Fast-food workers urged to stage nationwide strike
Aug 21, 2013 14:24:12 GMT -5
Post by schwartzie on Aug 21, 2013 14:24:12 GMT -5
Looks like the unions want to destroy yet another industry. Higher wages for kids, those in entry level jobs, or people with little education would result in higher prices. Higher prices mean more people won't buy the product. Less people buying the product means a decrease in profit, and more people losing their jobs.
If people want to earn more money, they need to learn a trade or a skill beside flipping burgers!
Fast-food workers urged to stage nationwide strike
By Erik Sherman /
MoneyWatch/ August 21, 2013, 6:55 AM
(MoneyWatch) A coalition of labor, religious and other groups are calling for a nationwide strike of fast-food employees on August 29.

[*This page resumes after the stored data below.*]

(* Let $\{X_n;\,n\ge1\}$ be independent copies of a $\mathbf B$-valued random variable $X$ with $\mathbb E\|X\|<\infty$. Define $S_n^{(1)}=\sum_{k=1}^nX_kI\{\|X_k\|\le k\}$ and $U_n=\sum_{k=1}^nX_kI\{\|X_k\|\le n\}$, $n\ge1$. Then (i) $\sum_{n=1}^\infty\frac1n\left(\frac{\|\mathbb ES_n^{(1)}\|}{n}\right)<\infty$ if and only if $\sum_{n=1}^\infty\frac{\|\mathbb EXI\{\|X\|\le n\}\|}{n}<\infty$; (ii) $\sum_{n=1}^\infty\frac1n\left(\frac{\mathbb E\|S_n^{(1)}-\mathbb ES_n^{(1)}\|}{n}\right)<\infty$ if and only if $\sum_{n=1}^\infty\frac1n\left(\frac{\mathbb E\|U_n-\mathbb EU_n\|}{n}\right)<\infty$.
   Context: $(\mathbf{B},\|\cdot\|)$ is a real separable Banach space with its Borel $\sigma$-algebra. $\mathbb{E}$ of a $\mathbf B$-valued random variable denotes the Pettis integral. $I\{\cdot\}$ denotes an indicator. *)

theory Defs
  imports "HOL-Probability.Probability"
begin

text \<open>Truncated partial sums. The sequence Xs is indexed from 1 (Xs 0 is unused).
  S1 Xs n = sum over k=1..n of X_k I{norm X_k <= k};
  Utr Xs n = sum over k=1..n of X_k I{norm X_k <= n}.\<close>

definition S1 :: "(nat \<Rightarrow> 'a \<Rightarrow> 'b::real_normed_vector) \<Rightarrow> nat \<Rightarrow> 'a \<Rightarrow> 'b" where
  "S1 Xs n \<omega> = (\<Sum>k\<in>{1..n}. if norm (Xs k \<omega>) \<le> real k then Xs k \<omega> else 0)"

definition Utr :: "(nat \<Rightarrow> 'a \<Rightarrow> 'b::real_normed_vector) \<Rightarrow> nat \<Rightarrow> 'a \<Rightarrow> 'b" where
  "Utr Xs n \<omega> = (\<Sum>k\<in>{1..n}. if norm (Xs k \<omega>) \<le> real n then Xs k \<omega> else 0)"

end

theory Submission
  imports Defs
begin

(* Write trunc r x = x I{norm x <= r}.  For k <= m the difference
   trunc k x - trunc m x vanishes unless k < norm x <= m, so summing over k = 1..m
   gives the pointwise "truncation gap"  gap m t = t * #{k in 1..m. k < t}  (for t <= m,
   and 0 for t > m), where t = norm x.  Since gap m t <= t^2 I{t <= m} and
   sum_{n >= t} 1/n^2 <= 2/t, we get  sum_n gap n t / n^2 <= 2 t,  hence
   sum_n E gap n (norm X) / n^2 <= 2 E norm X < oo.
   Both pairs of series in the theorem differ termwise by at most a multiple of
   E gap n (norm X) / n^2:  norm (E S1_n - n E trunc n X) <= E gap n (norm X), and
   E norm (S1_n - U_n) <= E gap n (norm X).  Two series of nonnegative terms whose
   difference is dominated by a summable series converge together. *)

lemma summable_iff_close:
  fixes f g h :: "nat \<Rightarrow> real"
  assumes "\<And>n. 0 \<le> f n" "\<And>n. 0 \<le> g n" "\<And>n. \<bar>f n - g n\<bar> \<le> h n" "summable h"
  shows "summable f \<longleftrightarrow> summable g"
proof
  assume "summable f"
  show "summable g"
  proof (rule summable_comparison_test'[OF summable_add[OF \<open>summable f\<close> \<open>summable h\<close>]])
    fix n show "norm (g n) \<le> f n + h n" using assms(2,3)[of n] by (simp add: abs_le_iff)
  qed
next
  assume "summable g"
  show "summable f"
  proof (rule summable_comparison_test'[OF summable_add[OF \<open>summable g\<close> \<open>summable h\<close>]])
    fix n show "norm (f n) \<le> g n + h n" using assms(1,3)[of n] by (simp add: abs_le_iff)
  qed
qed

text \<open>The tail of \<open>\<Sum> 1/n\<^sup>2\<close> from \<open>t\<close> on is at most \<open>2/t\<close>; the partial sums are
  controlled by the telescoping bound \<open>2/t - 1/N\<close>.\<close>

lemma inverse_square_tail_partial:
  fixes t :: real assumes "t > 0"
  shows "(\<Sum>n<N. if t \<le> real (Suc n) then 1 / (real (Suc n))\<^sup>2 else 0)
     \<le> (if t \<le> real N then 2 / t - 1 / real N else 0)"
proof (induction N)
  case 0 thus ?case using assms by simp
next
  case (Suc N)
  show ?case
  proof (cases "t \<le> real N")
    case True
    hence N: "N \<ge> 1" using assms by (cases N) auto
    have "1 / (real (Suc N))\<^sup>2 \<le> 1 / (real N * real (Suc N))"
      using N by (intro divide_left_mono) (auto simp: power2_eq_square intro!: mult_right_mono)
    also have "\<dots> = 1 / real N - 1 / real (Suc N)"
      using N by (simp add: field_simps)
    finally have "1 / (real (Suc N))\<^sup>2 \<le> 1 / real N - 1 / real (Suc N)" .
    thus ?thesis using Suc True by simp
  next
    case False
    have "1 / (real (Suc N))\<^sup>2 \<le> 1 / real (Suc N)"
      by (intro divide_left_mono) (auto simp: power2_eq_square)
    moreover have "t \<le> real (Suc N) \<Longrightarrow> 2 / real (Suc N) \<le> 2 / t"
      using assms by (intro divide_left_mono) auto
    ultimately show ?thesis using Suc False by (simp del: of_nat_Suc) linarith
  qed
qed

lemma inverse_square_tail:
  fixes t :: real assumes "t > 0"
  shows "(\<Sum>n<N. if t \<le> real (Suc n) then 1 / (real (Suc n))\<^sup>2 else 0) \<le> 2 / t"
proof -
  have "(if t \<le> real N then 2 / t - 1 / real N else 0) \<le> 2 / t"
    using assms by simp
  with inverse_square_tail_partial[OF assms, of N] show ?thesis by linarith
qed

definition trunc :: "real \<Rightarrow> 'b::real_normed_vector \<Rightarrow> 'b" where
  "trunc r x = (if norm x \<le> r then x else 0)"

definition trunc_gap :: "nat \<Rightarrow> real \<Rightarrow> real" where
  "trunc_gap m t = (\<Sum>k\<in>{1..m}. if real k < t \<and> t \<le> real m then t else 0)"

lemma norm_trunc_diff:
  "k \<le> m \<Longrightarrow> norm (trunc k x - trunc m x) = (if k < norm x \<and> norm x \<le> m then norm x else 0)"
  by (auto simp: trunc_def)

The campaign, building on a flurry of one-day work stoppages this year at franchises around the U.S., highlights the efforts by unions to enlist workers in the cause and heighten the impact of the strikes. Labor supporters say that fast-food workers are poorly paid and that their low wages subsidize the profits of multinational corporations.
But many fast-food restaurant owners and other critics of the strikes say that profit margins at franchise are so thin that higher wages would put the companies out of business, costing workers their jobs.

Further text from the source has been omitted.